Note: "findBodyOriginLocationInGround" doesn't exist because it would be the
same as the no-cost response method getBodyOriginLocation().
@see getBodyOriginLocation() **/
Vec3 findBodyOriginLocationInAnotherBody
   (const State& state, const MobilizedBody& toBodyA) const {
    return toBodyA.findStationAtGroundPoint(state,
                                            getBodyOriginLocation(state));
}

/** Return the angular and linear velocity of body B's frame in body A's frame,
expressed in body A, and arranged as a SpatialVec.

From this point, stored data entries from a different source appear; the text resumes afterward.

(* Assume the standing hypotheses (H). There is a constant $K_2>0$ such that for every $(t,\mathbf x,y)\in\mathbf D\times\mathbb R$, $\boldsymbol\zeta\in\mathbf Z$ and $\psi>0$, $$|H^\psi_2(t,\mathbf x,y;\boldsymbol\zeta)|\le K_2\|\boldsymbol\zeta-\boldsymbol\zeta^0(\Sigma)\|\Big(\|\boldsymbol\zeta-\boldsymbol\zeta^0(\Sigma)\|+\frac{-U''(y)}{U'(y)}\max\big(1,\|\boldsymbol\zeta-\boldsymbol\zeta^0(\Sigma)\|\big)\psi\Big).$$
   Context: Setting. Fix $T>0$, $S_0>0$, $\Sigma_0>0$, $A_0\in\mathbb R$. $\Omega$: continuous paths $\omega=(\omega^S,\omega^\Sigma,\omega^A):[0,T]\to\mathbb R^3$ with $\omega_0=(S_0,\Sigma_0,A_0)$ (uniform topology, Borel $\sigma$-algebra $\mathcal F$); $S,\Sigma,A$ coordinate processes, $\mathbb F$ their raw filtration, $M_t=\sup_{u\le t}S_u$, $\mathbf X_t=(S_t,A_t,M_t,\Sigma_t)$. $\mathbf G=\mathbb R_+\times\mathbb R\times\mathbb R_+$, $\mathbf D^0=(0,T)\times\mathbf G\times\mathbb R_+$ (points $(t,\mathbf x)$, $\mathbf x=(S,A,M,\Sigma)$); $0<\underline\Sigma<\Sigma_0<\overline\Sigma$, $\mathbf D=(0,T)\times\mathbf G\times[\underline\Sigma,\overline\Sigma]$. $\|\cdot\|$ Euclidean norm, $\mathbf e_4$ fourth unit vector, $x^-=\max(-x,0)$. Call: $\mathcal C(t,S,\Sigma)$ with $\mathcal C_t+\frac12\Sigma^2S^2\mathcal C_{SS}=0$, $\mathcal C(T_{\mathsf C},S,\Sigma)=\mathsf C(S)$. $b^{\mathcal C}(t,\mathbf x;\boldsymbol\zeta)=\nu\mathcal C_\Sigma+\frac12S^2\mathcal C_{SS}(\sigma^2-\Sigma^2)+\sigma\eta S\mathcal C_{S\Sigma}+\frac12(\eta^2+\xi)\mathcal C_{\Sigma\Sigma}$ for $\boldsymbol\zeta=(\nu,\sigma,\eta,\xi)$. Models: $\mathfrak P^{00}$ = probability measures $P$ on $(\Omega,\mathcal F)$ with progressively measurable $\boldsymbol\zeta^P=(\nu^P,\sigma^P,\eta^P,\xi^P)$ such that $S$, $\Sigma-\int_0^\cdot\nu^P_tdt$ are continuous local $P$-martingales with $d\langle S\rangle_t=S_t^2(\sigma^P_t)^2dt$, $d\langle\Sigma\rangle_t=((\eta^P_t)^2+\xi^P_t)dt$, $d\langle S,\Sigma\rangle_t=S_t\sigma^P_t\eta^P_tdt$, $S,\Sigma>0$, $\xi^P\ge0$, $b^{\mathcal C}(t,\mathbf X_t;\boldsymbol\zeta^P_t)=0$ $dt\times P$-a.e.; for Borel $\alpha,\beta,\gamma,\delta:[0,T]\times\mathbb R^3\to\mathbb R$, $\mathfrak P^0$ = those $P$ with $dA_t=(\alpha+\frac12(\sigma^P_t)^2\beta)dt+\gamma dS_t+\delta dM_t$. $\boldsymbol\zeta^0(\Sigma)=(0,\Sigma,0,0)^\top$; reference model: $\boldsymbol\zeta^P_t=\boldsymbol\zeta^0(\Sigma_t)$ a.e. Non-traded option: $\mathcal V(\cdot,\Sigma)$ solves $\mathcal V_t+(\alpha+\frac12\beta\Sigma^2)\mathcal V_A+\frac12\Sigma^2S^2(\mathcal V_{SS}+2\gamma\mathcal V_{SA}+\gamma^2\mathcal V_{AA})=0$ on $(0,T)\times\mathbf G$, $\delta\mathcal V_A+\mathcal V_M=0$ on $\{S\ge M\}$, $\mathcal V(T,\cdot,\Sigma)=\mathsf V$. $\Delta=\mathcal V_S+\gamma\mathcal V_A$, $\Gamma=\mathcal V_{SS}+2\gamma\mathcal V_{SA}+\gamma^2\mathcal V_{AA}$, $\frac{\partial\Delta}{\partial\Sigma}:=\mathcal V_{S\Sigma}+\gamma\mathcal V_{A\Sigma}$. P&L: $V_t=\mathcal V(t,\mathbf X_t)$, $C_t=\mathcal C(t,S_t,\Sigma_t)$; strategies $\boldsymbol\upsilon=(\theta,\phi)$ real locally bounded progressive; $Y^{\boldsymbol\upsilon,P}_t=Y_0+V_0+\int_0^t\theta dS+\int_0^t\phi dC-V_t$. Preferences: $\Psi=\mathrm{diag}(\psi_\nu,\psi_\sigma,\psi_\eta,\psi_\xi)$, positive entries; a utility $U$, strategy set $\mathfrak Y$, model set $\mathfrak P\subset\mathfrak P^0$. Candidate control: $\mathbf c=(\mathcal C_\Sigma,\Sigma S^2\mathcal C_{SS},\Sigma S\mathcal C_{S\Sigma},\frac12\mathcal C_{\Sigma\Sigma})^\top$, $\mathbf v=(\mathcal V_\Sigma,\Sigma(\beta\mathcal V_A+S^2\Gamma),\Sigma S\frac{\partial\Delta}{\partial\Sigma},\frac12\mathcal V_{\Sigma\Sigma})^\top$; $\lambda=\frac{\mathbf c^\top\Psi\mathbf v}{\mathbf c^\top\Psi\mathbf c}$ if $\mathcal V_{\Sigma\Sigma}-\frac{\mathbf c^\top\Psi\mathbf v}{\mathbf c^\top\Psi\mathbf c}\mathcal C_{\Sigma\Sigma}\ge0$, else $\lambda=\frac{\mathbf c^\top\Psi\mathbf v-\frac14\mathcal C_{\Sigma\Sigma}\mathcal V_{\Sigma\Sigma}\psi_\xi}{\mathbf c^\top\Psi\mathbf c-\frac14\mathcal C_{\Sigma\Sigma}^2\psi_\xi}$; $\mu=\frac12(\mathcal V_{\Sigma\Sigma}-\lambda\mathcal C_{\Sigma\Sigma})^-$; $\widetilde{\boldsymbol\zeta}=\Psi(\mathbf v-\lambda\mathbf c+\mu\mathbf e_4)$; $\boldsymbol\zeta^\psi=\boldsymbol\zeta^0(\Sigma)+\widetilde{\boldsymbol\zeta}\mathbf 1_{\{\underline\Sigma<\Sigma<\overline\Sigma\}}\psi$; $\widetilde g=\mathbf v^\top\widetilde{\boldsymbol\zeta}$. Cash-equivalent PDE: for $\Sigma\in[\underline\Sigma,\overline\Sigma]$, $\widetilde w_t+(\alpha+\frac12\beta\Sigma^2)\widetilde w_A+\frac12\Sigma^2S^2(\widetilde w_{SS}+2\gamma\widetilde w_{SA}+\gamma^2\widetilde w_{AA})+\frac12\widetilde g(\cdot,\Sigma)=0$ on $(0,T)\times\mathbf G$, $\delta\widetilde w_A+\widetilde w_M=0$ on $\{S\ge M\}$, $\widetilde w(T,\cdot,\Sigma)=0$. $L^p_{\mathfrak P}$: Borel $K$ on $\mathbf D^0$ with $\sup_{P\in\mathfrak P}E^P[\int_0^T|K(t,\mathbf X_t)|^pdt]^{1/p}<\infty$. Candidate asymptotic model family: $(P^\psi)_{\psi\in(0,\psi_0)}\subset\mathfrak P$, $\psi_0\in(0,1)$, with $K_0\in L^4_{\mathfrak P}$ and $\|\boldsymbol\zeta^{P^\psi}_t-\boldsymbol\zeta^\psi(t,\mathbf X_t)\|\le K_0(t,\mathbf X_t)\psi^2$ $dt\times P^\psi$-a.e. Assumption (A): (a) $\exists K_{\mathfrak Y}$: $Y^{\boldsymbol\upsilon,P}>-K_{\mathfrak Y}$ $dt\times P$-a.e. for all $\boldsymbol\upsilon\in\mathfrak Y$, $P\in\mathfrak P$; (b) $\mathfrak P$ contains a candidate asymptotic model family and a reference model, and constants $\underline\nu<0<\overline\nu$, $0<\underline\sigma<\underline\Sigma$, $\overline\Sigma<\overline\sigma$, $\underline\eta<0<\overline\eta$, $\overline\xi>0$ bound $\nu^P,\sigma^P,\eta^P,\xi^P,\Sigma$ in $[\underline\nu,\overline\nu],[\underline\sigma,\overline\sigma],[\underline\eta,\overline\eta],[0,\overline\xi],[\underline\Sigma,\overline\Sigma]$ $dt\times P$-a.e. for all $P\in\mathfrak P$; (c) $T_{\mathsf C}\ge T$, $\mathcal C\in C^{1,2,2}((0,T_{\mathsf C})\times\mathbb R_+^2)\cap C([0,T_{\mathsf C}]\times\overline{\mathbb R}_+^2)$ solves the call PDE classically for $\Sigma\in[\underline\Sigma,\overline\Sigma]$, $\mathcal C_\Sigma\ne0$ and $|\mathcal C_{\Sigma\Sigma}|\le K_{\mathcal C}(|\mathcal C_\Sigma|+|S^2\mathcal C_{SS}|+|S\mathcal C_{S\Sigma}|)$ on $(0,T)\times\mathbb R_+\times[\underline\Sigma,\overline\Sigma]$ with $K_{\mathcal C}\in L^2_{\mathfrak P}$; (d) $\mathcal V\in C^{1,2,2,1,2}(\mathbf D^0)\cap C(\overline{\mathbf D^0})$ solves the $\mathcal V$-PDE classically for $\Sigma\in[\underline\Sigma,\overline\Sigma]$, $|\mathcal V_\Sigma|,|\beta\mathcal V_A+S^2\Gamma|,|S\frac{\partial\Delta}{\partial\Sigma}|,|\mathcal V_{\Sigma\Sigma}|\le K_{\mathcal V}$ on $\mathbf D$; (e) $\widetilde w\in C^{1,2,2,1,2}(\mathbf D^0)\cap C(\overline{\mathbf D^0})$ solves the cash-equivalent PDE classically for $\Sigma\in[\underline\Sigma,\overline\Sigma]$, $0\le\widetilde w\le K_{\widetilde w}$ on $\mathbf D$, and $\widetilde w_\Sigma,S(\widetilde w_S+\gamma\widetilde w_A),\beta\widetilde w_A+S^2(\widetilde w_{SS}+2\gamma\widetilde w_{SA}+\gamma^2\widetilde w_{AA}),S(\widetilde w_{S\Sigma}+\gamma\widetilde w_{A\Sigma}),\widetilde w_{\Sigma\Sigma}\in L^4_{\mathfrak P}$; (f) $U\in C^3(\mathbb R)$, $U'>0$, $U''<0$, $-U''/U'$ nonincreasing. Additional notation. $\mathbf Z=[\underline\nu,\overline\nu]\times[\underline\sigma,\overline\sigma]\times[\underline\eta,\overline\eta]\times[0,\overline\xi]$. $b^{\mathcal V}(t,\mathbf x;\boldsymbol\zeta)=\nu\mathcal V_\Sigma+\frac12(\beta\mathcal V_A+S^2\Gamma)(\sigma^2-\Sigma^2)+\sigma\eta S\frac{\partial\Delta}{\partial\Sigma}+\frac12(\eta^2+\xi)\mathcal V_{\Sigma\Sigma}$. $H^\psi_2(t,\mathbf x,y;\boldsymbol\zeta)=-\frac12\begin{pmatrix}\sigma-\Sigma\\\eta\end{pmatrix}^\top\begin{pmatrix}\beta\mathcal V_A+S^2\Gamma&S\frac{\partial\Delta}{\partial\Sigma}\\S\frac{\partial\Delta}{\partial\Sigma}&\mathcal V_{\Sigma\Sigma}\end{pmatrix}\begin{pmatrix}\sigma-\Sigma\\\eta\end{pmatrix}+\frac{U''(y)}{U'(y)}b^{\mathcal V}(t,\mathbf x;\boldsymbol\zeta)\widetilde w(t,\mathbf x)\psi$. Delta-vega hedge $\boldsymbol\upsilon^\star_t=(\Delta-\frac{\mathcal V_\Sigma}{\mathcal C_\Sigma}\mathcal C_S,\frac{\mathcal V_\Sigma}{\mathcal C_\Sigma})(t,\mathbf X_t)$. Standing hypotheses (H): Assumption (A) holds, $\boldsymbol\upsilon^\star\in\mathfrak Y$, and $(P^\psi)_{\psi\in(0,\psi_0)}\subset\mathfrak P$ is a candidate asymptotic model family. *)

theory Defs
  imports "HOL-Analysis.Analysis"
begin

text \<open>A point (t, x) of D^0 with x = (S, A, M, Sigma) is the 5-tuple (t, S, A, M, Sigma).
Coordinates: 0 = t, 1 = S, 2 = A, 3 = M, 4 = Sigma.\<close>

type_synonym pt = "real \<times> real \<times> real \<times> real \<times> real"

fun coord :: "nat \<Rightarrow> pt \<Rightarrow> real" where
  "coord i (t, S, A, M, Sg) =
     (if i = 0 then t else if i = 1 then S else if i = 2 then A else if i = 3 then M else Sg)"

fun upd :: "nat \<Rightarrow> real \<Rightarrow> pt \<Rightarrow> pt" where
  "upd i u (t, S, A, M, Sg) =
     (if i = 0 then (u, S, A, M, Sg) else if i = 1 then (t, u, A, M, Sg)
      else if i = 2 then (t, S, u, M, Sg) else if i = 3 then (t, S, A, u, Sg)
      else (t, S, A, M, u))"

definition pd :: "nat \<Rightarrow> (pt \<Rightarrow> real) \<Rightarrow> pt \<Rightarrow> real" where
  "pd i f p = deriv (\<lambda>u. f (upd i u p)) (coord i p)"

text \<open>For I1 = {0..4},
I2 = {1,2,4} this is the class C^{1,2,2,1,2}.\<close>
definition smooth_on :: "nat set \<Rightarrow> nat set \<Rightarrow> (pt \<Rightarrow> real) \<Rightarrow> pt set \<Rightarrow> bool" where
  "smooth_on I1 I2 f X \<longleftrightarrow>
     continuous_on X f \<and>
     (\<forall>i\<in>I1. (\<forall>p\<in>X. (\<lambda>u. f (upd i u p)) differentiable (at (coord i p)))
               \<and> continuous_on X (pd i f)) \<and>
     (\<forall>i\<in>I2. \<forall>j\<in>I2. (\<forall>p\<in>X. (\<lambda>u. pd i f (upd j u p)) differentiable (at (coord j p)))
               \<and> continuous_on X (pd j (pd i f)))"

text \<open>R_+ is read as the open half line (0, infinity).\<close>
definition D0 :: "real \<Rightarrow> pt set" where
  "D0 T = {(t, S, A, M, Sg). 0 < t \<and> t < T \<and> 0 < S \<and> 0 < M \<and> 0 < Sg}"

definition DD :: "real \<Rightarrow> real \<Rightarrow> real \<Rightarrow> pt set" where
  "DD T Sl Su = {(t, S, A, M, Sg). 0 < t \<and> t < T \<and> 0 < S \<and> 0 < M \<and> Sl \<le> Sg \<and> Sg \<le> Su}"

definition ZZ :: "real \<Rightarrow> real \<Rightarrow> real \<Rightarrow> real \<Rightarrow> real \<Rightarrow> real \<Rightarrow> real \<Rightarrow>
                  (real \<times> real \<times> real \<times> real) set" where
  "ZZ nl nu sl su el eu xu = {nl..nu} \<times> {sl..su} \<times> {el..eu} \<times> {0..xu}"

definition zeta0 :: "real \<Rightarrow> real \<times> real \<times> real \<times> real" where
  "zeta0 Sg = (0, Sg, 0, 0)"

fun tSAM :: "pt \<Rightarrow> real \<times> real \<times> real \<times> real" where
  "tSAM (t, S, A, M, Sg) = (t, S, A, M)"

definition liftC :: "(real \<times> real \<times> real \<Rightarrow> real) \<Rightarrow> pt \<Rightarrow> real" where
  "liftC C p = C (coord 0 p, coord 1 p, coord 4 p)"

Cost is 51 flops. If you know
inBodyA is Ground, don't use this routine; use the response method
getBodyVelocity() which is free. This operator is available in Velocity stage.
@see getBodyVelocity() **/
SpatialVec findBodyVelocityInAnotherBody
   (const State& state, const MobilizedBody& inBodyA) const
{
    const SpatialVec& V_GB   = this->getBodyVelocity(state);
    const SpatialVec& V_GA   = inBodyA.getBodyVelocity(state);
    // angular velocity of B in A, exp in G
    const Vec3        w_AB_G = V_GB[0]-V_GA[0];             //  3 flops

    // Angular vel. was easy, but for linear vel. we have to add in an wXr term.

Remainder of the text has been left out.